### [Work to be completed]
In the entries that follow, the lines from the one with "theory Defs" through the one with "n \<and> (\<forall>w\<in>A." are the ones to write out, exactly and with both ends included. Nothing else should appear.
== Data shown
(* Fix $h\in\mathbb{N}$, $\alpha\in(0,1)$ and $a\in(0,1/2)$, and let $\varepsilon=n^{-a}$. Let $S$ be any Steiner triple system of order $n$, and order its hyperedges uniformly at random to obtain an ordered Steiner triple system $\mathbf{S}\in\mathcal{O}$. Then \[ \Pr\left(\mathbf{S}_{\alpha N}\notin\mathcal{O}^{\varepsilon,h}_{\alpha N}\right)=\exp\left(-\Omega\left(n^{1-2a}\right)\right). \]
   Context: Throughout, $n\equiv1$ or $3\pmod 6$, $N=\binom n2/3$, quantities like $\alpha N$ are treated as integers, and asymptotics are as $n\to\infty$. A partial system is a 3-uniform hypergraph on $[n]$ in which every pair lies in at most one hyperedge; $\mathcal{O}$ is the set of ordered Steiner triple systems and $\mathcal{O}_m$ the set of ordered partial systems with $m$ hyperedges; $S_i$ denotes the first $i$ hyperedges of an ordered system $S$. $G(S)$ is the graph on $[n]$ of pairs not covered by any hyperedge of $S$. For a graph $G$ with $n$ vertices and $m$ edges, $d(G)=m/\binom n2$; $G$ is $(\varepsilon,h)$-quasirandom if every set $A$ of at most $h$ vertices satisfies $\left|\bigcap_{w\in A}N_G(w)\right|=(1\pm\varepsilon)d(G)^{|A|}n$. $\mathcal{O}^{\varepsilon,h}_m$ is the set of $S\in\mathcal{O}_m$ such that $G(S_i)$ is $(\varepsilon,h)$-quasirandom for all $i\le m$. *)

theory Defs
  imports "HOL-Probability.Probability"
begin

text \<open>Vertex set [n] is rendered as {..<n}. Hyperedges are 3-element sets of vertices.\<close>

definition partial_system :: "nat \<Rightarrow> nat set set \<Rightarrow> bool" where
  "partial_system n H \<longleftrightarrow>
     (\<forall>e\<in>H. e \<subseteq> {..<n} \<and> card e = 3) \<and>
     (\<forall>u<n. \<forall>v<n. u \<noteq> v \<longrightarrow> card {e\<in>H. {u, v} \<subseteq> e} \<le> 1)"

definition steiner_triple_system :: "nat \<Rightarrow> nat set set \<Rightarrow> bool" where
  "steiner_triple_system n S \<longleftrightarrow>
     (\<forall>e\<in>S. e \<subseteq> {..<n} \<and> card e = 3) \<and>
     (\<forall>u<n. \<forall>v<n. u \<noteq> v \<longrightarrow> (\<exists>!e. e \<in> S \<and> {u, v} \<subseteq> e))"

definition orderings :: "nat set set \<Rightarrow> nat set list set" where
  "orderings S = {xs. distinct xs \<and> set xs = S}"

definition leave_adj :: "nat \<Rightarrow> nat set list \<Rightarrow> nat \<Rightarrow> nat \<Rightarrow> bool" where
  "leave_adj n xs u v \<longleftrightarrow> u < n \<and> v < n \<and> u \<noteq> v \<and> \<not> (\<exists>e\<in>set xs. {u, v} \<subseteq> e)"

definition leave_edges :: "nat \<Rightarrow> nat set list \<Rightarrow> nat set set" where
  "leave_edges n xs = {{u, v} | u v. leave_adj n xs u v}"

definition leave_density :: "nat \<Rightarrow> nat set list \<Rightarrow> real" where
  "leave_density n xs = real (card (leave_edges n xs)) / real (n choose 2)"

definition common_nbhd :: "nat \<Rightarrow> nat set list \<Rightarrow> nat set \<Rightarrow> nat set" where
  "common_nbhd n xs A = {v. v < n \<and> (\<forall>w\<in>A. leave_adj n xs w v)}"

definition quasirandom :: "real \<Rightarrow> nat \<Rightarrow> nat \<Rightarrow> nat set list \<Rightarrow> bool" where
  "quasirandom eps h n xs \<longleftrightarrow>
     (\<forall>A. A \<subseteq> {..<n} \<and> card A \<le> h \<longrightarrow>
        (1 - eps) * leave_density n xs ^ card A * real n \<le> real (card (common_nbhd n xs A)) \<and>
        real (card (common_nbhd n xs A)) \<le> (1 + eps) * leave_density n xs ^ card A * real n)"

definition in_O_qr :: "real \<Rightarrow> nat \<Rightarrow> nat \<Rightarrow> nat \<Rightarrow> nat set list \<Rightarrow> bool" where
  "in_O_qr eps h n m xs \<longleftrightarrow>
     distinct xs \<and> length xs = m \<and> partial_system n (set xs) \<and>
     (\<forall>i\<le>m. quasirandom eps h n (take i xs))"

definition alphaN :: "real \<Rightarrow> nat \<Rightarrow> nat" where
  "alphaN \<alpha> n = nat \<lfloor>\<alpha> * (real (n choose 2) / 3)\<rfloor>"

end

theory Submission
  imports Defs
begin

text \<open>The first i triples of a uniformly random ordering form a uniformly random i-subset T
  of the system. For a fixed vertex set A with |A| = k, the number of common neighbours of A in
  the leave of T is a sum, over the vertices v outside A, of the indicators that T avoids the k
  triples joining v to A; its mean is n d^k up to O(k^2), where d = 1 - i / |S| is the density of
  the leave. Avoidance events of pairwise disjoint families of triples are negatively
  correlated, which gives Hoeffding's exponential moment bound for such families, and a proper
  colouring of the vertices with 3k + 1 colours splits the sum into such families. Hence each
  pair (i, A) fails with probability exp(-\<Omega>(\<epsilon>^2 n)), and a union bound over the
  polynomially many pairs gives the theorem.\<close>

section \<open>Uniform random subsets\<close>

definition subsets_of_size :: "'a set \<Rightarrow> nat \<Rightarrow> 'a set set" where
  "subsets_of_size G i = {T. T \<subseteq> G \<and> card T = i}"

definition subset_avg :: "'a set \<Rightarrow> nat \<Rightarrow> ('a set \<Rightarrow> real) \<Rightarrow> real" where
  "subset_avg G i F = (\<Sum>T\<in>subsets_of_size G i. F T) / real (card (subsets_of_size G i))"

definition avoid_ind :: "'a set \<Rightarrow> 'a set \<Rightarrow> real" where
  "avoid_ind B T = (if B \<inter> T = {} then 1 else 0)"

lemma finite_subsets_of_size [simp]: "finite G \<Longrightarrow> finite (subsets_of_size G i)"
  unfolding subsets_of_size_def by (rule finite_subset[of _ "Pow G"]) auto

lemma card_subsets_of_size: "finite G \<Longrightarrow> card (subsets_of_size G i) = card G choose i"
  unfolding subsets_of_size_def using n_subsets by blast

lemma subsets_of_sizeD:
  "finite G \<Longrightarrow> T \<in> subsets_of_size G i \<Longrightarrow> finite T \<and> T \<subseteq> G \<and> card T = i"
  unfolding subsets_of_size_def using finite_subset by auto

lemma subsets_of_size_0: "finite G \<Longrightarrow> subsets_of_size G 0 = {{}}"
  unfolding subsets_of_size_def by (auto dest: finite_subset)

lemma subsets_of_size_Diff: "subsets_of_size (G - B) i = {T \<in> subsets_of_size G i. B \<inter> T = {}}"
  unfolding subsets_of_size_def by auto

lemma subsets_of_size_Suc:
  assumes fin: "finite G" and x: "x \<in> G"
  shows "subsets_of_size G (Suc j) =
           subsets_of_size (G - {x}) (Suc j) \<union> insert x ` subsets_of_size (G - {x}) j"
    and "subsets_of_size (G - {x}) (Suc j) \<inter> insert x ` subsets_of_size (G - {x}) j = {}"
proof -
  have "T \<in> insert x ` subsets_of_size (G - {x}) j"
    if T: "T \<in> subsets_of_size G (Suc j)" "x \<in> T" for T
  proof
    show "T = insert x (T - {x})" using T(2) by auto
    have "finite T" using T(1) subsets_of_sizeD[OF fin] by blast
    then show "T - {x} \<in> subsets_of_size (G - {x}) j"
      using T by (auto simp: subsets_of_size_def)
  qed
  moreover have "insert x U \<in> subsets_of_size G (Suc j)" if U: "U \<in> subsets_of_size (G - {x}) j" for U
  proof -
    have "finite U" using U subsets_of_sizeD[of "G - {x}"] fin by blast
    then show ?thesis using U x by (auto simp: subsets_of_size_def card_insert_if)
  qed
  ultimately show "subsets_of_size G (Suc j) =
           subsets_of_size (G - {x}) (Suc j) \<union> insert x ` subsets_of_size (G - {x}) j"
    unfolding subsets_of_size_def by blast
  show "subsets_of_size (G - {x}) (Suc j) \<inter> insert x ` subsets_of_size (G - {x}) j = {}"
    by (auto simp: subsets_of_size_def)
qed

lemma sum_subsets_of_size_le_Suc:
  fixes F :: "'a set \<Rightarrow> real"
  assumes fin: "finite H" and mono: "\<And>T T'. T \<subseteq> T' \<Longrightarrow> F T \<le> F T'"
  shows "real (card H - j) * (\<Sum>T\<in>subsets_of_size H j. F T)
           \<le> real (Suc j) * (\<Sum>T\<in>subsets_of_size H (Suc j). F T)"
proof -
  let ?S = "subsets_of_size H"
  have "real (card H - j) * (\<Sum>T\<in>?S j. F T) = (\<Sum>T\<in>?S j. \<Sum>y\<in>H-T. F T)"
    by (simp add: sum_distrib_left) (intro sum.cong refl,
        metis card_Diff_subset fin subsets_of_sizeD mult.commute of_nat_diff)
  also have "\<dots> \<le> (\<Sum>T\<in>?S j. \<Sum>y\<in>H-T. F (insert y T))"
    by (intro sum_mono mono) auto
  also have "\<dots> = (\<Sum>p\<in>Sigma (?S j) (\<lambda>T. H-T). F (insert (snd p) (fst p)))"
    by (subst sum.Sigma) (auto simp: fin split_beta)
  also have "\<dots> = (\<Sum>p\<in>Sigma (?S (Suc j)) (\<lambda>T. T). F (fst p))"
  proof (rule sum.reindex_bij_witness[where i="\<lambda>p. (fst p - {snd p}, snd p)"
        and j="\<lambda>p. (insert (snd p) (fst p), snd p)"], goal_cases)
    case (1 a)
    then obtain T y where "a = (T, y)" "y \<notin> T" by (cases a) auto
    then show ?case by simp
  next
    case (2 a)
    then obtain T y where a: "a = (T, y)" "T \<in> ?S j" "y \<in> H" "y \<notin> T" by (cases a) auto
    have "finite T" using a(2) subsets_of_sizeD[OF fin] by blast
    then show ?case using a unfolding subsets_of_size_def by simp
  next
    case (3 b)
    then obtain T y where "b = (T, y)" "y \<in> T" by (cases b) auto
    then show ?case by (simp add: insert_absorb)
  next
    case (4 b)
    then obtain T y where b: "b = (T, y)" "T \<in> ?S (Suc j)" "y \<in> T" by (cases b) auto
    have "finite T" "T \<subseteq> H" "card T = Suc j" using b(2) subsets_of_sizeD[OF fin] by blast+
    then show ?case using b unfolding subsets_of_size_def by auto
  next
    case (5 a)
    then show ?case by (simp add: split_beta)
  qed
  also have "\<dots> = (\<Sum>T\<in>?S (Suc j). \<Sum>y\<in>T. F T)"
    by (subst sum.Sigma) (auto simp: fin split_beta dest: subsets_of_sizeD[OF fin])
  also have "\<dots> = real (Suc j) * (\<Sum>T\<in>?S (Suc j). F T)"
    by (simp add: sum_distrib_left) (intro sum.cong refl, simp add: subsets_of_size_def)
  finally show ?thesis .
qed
====
### [Problem solution]
theory Defs
  imports "HOL-Probability.Probability"
begin

text \<open>Vertex set [n] is rendered as {..<n}. Hyperedges are 3-element sets of vertices.\<close>

definition partial_system :: "nat \<Rightarrow> nat set set \<Rightarrow> bool" where
  "partial_system n H \<longleftrightarrow>
     (\<forall>e\<in>H. e \<subseteq> {..<n} \<and> card e = 3) \<and>
     (\<forall>u<n. \<forall>v<n. u \<noteq> v \<longrightarrow> card {e\<in>H. {u, v} \<subseteq> e} \<le> 1)"

definition steiner_triple_system :: "nat \<Rightarrow> nat set set \<Rightarrow> bool" where
  "steiner_triple_system n S \<longleftrightarrow>
     (\<forall>e\<in>S. e \<subseteq> {..<n} \<and> card e = 3) \<and>
     (\<forall>u<n. \<forall>v<n. u \<noteq> v \<longrightarrow> (\<exists>!e. e \<in> S \<and> {u, v} \<subseteq> e))"

definition orderings :: "nat set set \<Rightarrow> nat set list set" where
  "orderings S = {xs. distinct xs \<and> set xs = S}"

definition leave_adj :: "nat \<Rightarrow> nat set list \<Rightarrow> nat \<Rightarrow> nat \<Rightarrow> bool" where
  "leave_adj n xs u v \<longleftrightarrow> u < n \<and> v < n \<and> u \<noteq> v \<and> \<not> (\<exists>e\<in>set xs. {u, v} \<subseteq> e)"

definition leave_edges :: "nat \<Rightarrow> nat set list \<Rightarrow> nat set set" where
  "leave_edges n xs = {{u, v} | u v. leave_adj n xs u v}"

definition leave_density :: "nat \<Rightarrow> nat set list \<Rightarrow> real" where
  "leave_density n xs = real (card (leave_edges n xs)) / real (n choose 2)"

definition common_nbhd :: "nat \<Rightarrow> nat set list \<Rightarrow> nat set \<Rightarrow> nat set" where
  "common_nbhd n xs A = {v. v < n \<and> (\<forall>w\<in>A. leave_adj n xs w v)}"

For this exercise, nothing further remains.